Exercise: Which of the lines in the data mention the string "lemma"? List them all.

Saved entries

»»

lemma least_word_prefix_le:
  assumes agree: "factor p q x u h = factor p q x v h"
    and least: "\<And>z. factor p q x u (Suc h) z \<noteq> None \<Longrightarrow> length z = Suc h \<Longrightarrow> radix_le (y @ [a]) z"
    and "length y = h" "length y' = h" "v @ y' @ [b] \<in> L p q"
  shows "lexordp_eq y y'"
proof -
  have "v @ y' \<in> L p q"
    using L_prefix_closed[of "v @ y'" "[b]"] assms(5) by simp
  then have "factor p q x v h y' \<noteq> None"
    using assms(4) by (simp add: factor_eq_None_iff)
  then have "factor p q x u h y' \<noteq> None"
    using agree by simp
  then have "u @ y' \<in> L p q"
    by (simp add: factor_eq_None_iff)
  then obtain c where "u @ y' @ [c] \<in> L p q"
    using L_snoc_exists by fastforce
  then have "radix_le (y @ [a]) (y' @ [c])"
    using least assms(4) by (simp add: factor_eq_None_iff)
  then show ?thesis
    using radix_le_snoc_imp_lexordp_eq assms(3,4) by simp
qed

lemma F_inf_letter_common_extension:
  assumes "factor p q x u (Suc h) \<in> F_inf_letter p q x (Suc h) a"
    and "factor p q x v (Suc h) \<in> F_inf_letter p q x (Suc h) a"
    and agree: "factor p q x u h = factor p q x v h"
  shows "\<exists>z. length z = Suc h \<and> u @ z \<in> L p q \<and> v @ z \<in> L p q"
proof -
  obtain y where y: "length y = h" "factor p q x u (Suc h) (y @ [a]) \<noteq> None"
    and least_u: "\<And>z. factor p q x u (Suc h) z \<noteq> None \<Longrightarrow> length z = Suc h \<Longrightarrow> radix_le (y @ [a]) z"
    using F_inf_letter_least_word[OF assms(1)] by blast
  obtain y' where y': "length y' = h" "factor p q x v (Suc h) (y' @ [a]) \<noteq> None"
    and least_v: "\<And>z. factor p q x v (Suc h) z \<noteq> None \<Longrightarrow> length z = Suc h \<Longrightarrow> radix_le (y' @ [a]) z"
    using F_inf_letter_least_word[OF assms(2)] by blast
  have uy: "u @ y @ [a] \<in> L p q" and vy': "v @ y' @ [a] \<in> L p q"
    using y(2) y'(2) by (simp_all add: factor_eq_None_iff)
  have "lexordp_eq y y'"
    using agree least_u y(1) y'(1) vy' by (rule least_word_prefix_le)
  moreover have "lexordp_eq y' y"
    using agree[symmetric] least_v y'(1) y(1) uy by (rule least_word_prefix_le)
  ultimately have "y = y'"
    by (rule lexordp_eq_antisym)
  then show ?thesis
    using y(1) uy vy' by (intro exI[of _ "y @ [a]"]) simp
qed

lemma factor_eq_if_same_state:
  assumes gen: "generated_by p q x Q q0 \<delta> \<tau>"
    and u: "u \<in> L p q" "u \<noteq> []" and v: "v \<in> L p q" "v \<noteq> []"
    and cong: "[nval p q u = nval p q v] (mod q ^ k)"
    and state: "delta_star \<delta> q0 u = delta_star \<delta> q0 v"
  shows "factor p q x u k = factor p q x v k"
proof
  fix w
  show "factor p q x u k w = factor p q x v k w"
  proof (cases "length w \<le> k")
    case True
    then have same_dom: "u @ w \<in> L p q \<longleftrightarrow> v @ w \<in> L p q"
      using append_in_L_cong_iff[OF u v cong] by blast
    have "delta_star \<delta> q0 (u @ w) = delta_star \<delta> q0 (v @ w)"
      using state by (simp add: delta_star_def)
    then show ?thesis
      using True same_dom generated_by_nval[OF gen] by (auto simp: factor_Some factor_def)
  qed (simp add: factor_def)
qed

lemma same_state_if_factors_agree:
  assumes separating: "\<forall>u\<in>L p q. \<forall>v\<in>L p q.
           (\<exists>k::int. val p q u - val p q v = of_int k * of_nat (q ^ h)) \<and>
           delta_star \<delta> q0 u \<noteq> delta_star \<delta> q0 v \<longrightarrow>
           (\<exists>w. u @ w \<in> L p q \<and> set w \<subseteq> alph p \<and> length w \<le> h \<and>
                \<tau> (delta_star \<delta> q0 (u @ w)) \<noteq> \<tau> (delta_star \<delta> q0 (v @ w)))"
    and gen: "generated_by p q x Q q0 \<delta> \<tau>"
    and u: "u \<in> L p q" "u \<noteq> []" and v: "v \<in> L p q" "v \<noteq> []"
    and cong: "[nval p q u = nval p q v] (mod q ^ h)"
    and agree: "factor p q x u h = factor p q x v h"
  shows "delta_star \<delta> q0 u = delta_star \<delta> q0 v"
proof (rule ccontr)
  assume "delta_star \<delta> q0 u \<noteq> delta_star \<delta> q0 v"
  moreover have "\<exists>k::int. val p q u - val p q v = of_int k * of_nat (q ^ h)"
  proof -
    obtain k where "int (nval p q u) - int (nval p q v) = int (q ^ h) * k"
      using cong by (auto simp: cong_iff_dvd_diff elim!: dvdE simp flip: cong_int_iff)
    then have "val p q u - val p q v = of_int k * of_nat (q ^ h)"
      using val_eq_nval[OF u(1)] val_eq_nval[OF v(1)]
      by (metis mult.commute of_int_diff of_int_mult of_int_of_nat_eq)
    then show ?thesis ..
  qed
  ultimately obtain w where w: "u @ w \<in> L p q" "length w \<le> h"
      "\<tau> (delta_star \<delta> q0 (u @ w)) \<noteq> \<tau> (delta_star \<delta> q0 (v @ w))"
    using separating u(1) v(1) by blast
  have vw: "v @ w \<in> L p q"
    using append_in_L_cong_iff[OF u v cong w(2)] w(1) by simp
  have "x (nval p q (u @ w)) = x (nval p q (v @ w))"
    using fun_cong[OF agree, of w] w(1,2) vw by (simp add: factor_Some)
  then show False
    using w(3) generated_by_nval[OF gen] w(1) vw by simp
qed

end

theorem mainTheorem11:
  fixes p q h :: nat
    and x :: "nat \<Rightarrow> 'b" and B :: "'b set"
    and Q :: "'s set" and q0 :: 's and \<delta> :: "'s \<Rightarrow> nat \<Rightarrow> 's" and \<tau> :: "'s \<Rightarrow> 'b"
  assumes "p > q" and "q > 1" and "coprime p q"
    and "finite B" and "\<tau> ` Q \<subseteq> B"
    and "generated_by p q x Q q0 \<delta> \<tau>"
    and "\<forall>u\<in>L p q. \<forall>v\<in>L p q.
           (\<exists>k::int. val p q u - val p q v = of_int k * of_nat (q ^ h)) \<and>
           delta_star \<delta> q0 u \<noteq> delta_star \<delta> q0 v \<longrightarrow>
           (\<exists>w. u @ w \<in> L p q \<and> set w \<subseteq> alph p \<and> length w \<le> h \<and>
                \<tau> (delta_star \<delta> q0 (u @ w)) \<noteq> \<tau> (delta_star \<delta> q0 (v @ w)))"
  shows "\<forall>j<q. \<forall>U\<in>F_inf p q x h. \<forall>U1\<in>F_inf_letter p q x (Suc h) (sigfirst p q j).
           \<forall>U2\<in>F_inf_letter p q x (Suc h) (sigfirst p q j).
             extends h U U1 \<and> extends h U U2 \<longrightarrow> U1 = U2"
proof (intro allI impI ballI)
  interpret rational_base p q
    using assms(1-3) by unfold_locales
  fix j U U1 U2
  assume U1: "U1 \<in> F_inf_letter p q x (Suc h) (sigfirst p q j)"
    and U2: "U2 \<in> F_inf_letter p q x (Suc h) (sigfirst p q j)"
    and extends: "extends h U U1 \<and> extends h U U2"
  obtain u where u: "u \<in> L p q" "u \<noteq> []" "factor p q x u (Suc h) = U1"
    using F_inf_realised_by_nonempty_word[OF subsetD[OF F_inf_letter_subset U1]] by blast
  obtain v where v: "v \<in> L p q" "v \<noteq> []" "factor p q x v (Suc h) = U2"
    using F_inf_realised_by_nonempty_word[OF subsetD[OF F_inf_letter_subset U2]] by blast
  have agree: "factor p q x u h = factor p q x v h"
    using extends unfolding u(3)[symmetric] v(3)[symmetric] extends_factor_iff by simp
  obtain z where z: "length z = Suc h" "u @ z \<in> L p q" "v @ z \<in> L p q"
    using F_inf_letter_common_extension[OF U1[folded u(3)] U2[folded v(3)] agree] by blast
  have cong: "[nval p q u = nval p q v] (mod q ^ Suc h)"
    using append_in_L_iff_cong[OF u(1,2) v(1,2) z(2)] z by simp
  then have "[nval p q u = nval p q v] (mod q ^ h)"
    by (rule cong_dvd_modulus_nat) (simp add: le_imp_power_dvd)
  then have "delta_star \<delta> q0 u = delta_star \<delta> q0 v"
    by (rule same_state_if_factors_agree[OF assms(7,6) u(1,2) v(1,2) _ agree])
  then show "U1 = U2"
    using factor_eq_if_same_state[OF assms(6) u(1,2) v(1,2) cong] u(3) v(3) by simp
qed

end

««

Completed task:
lemma least_word_prefix_le:
lemma F_inf_letter_common_extension:
lemma factor_eq_if_same_state:
lemma same_state_if_factors_agree:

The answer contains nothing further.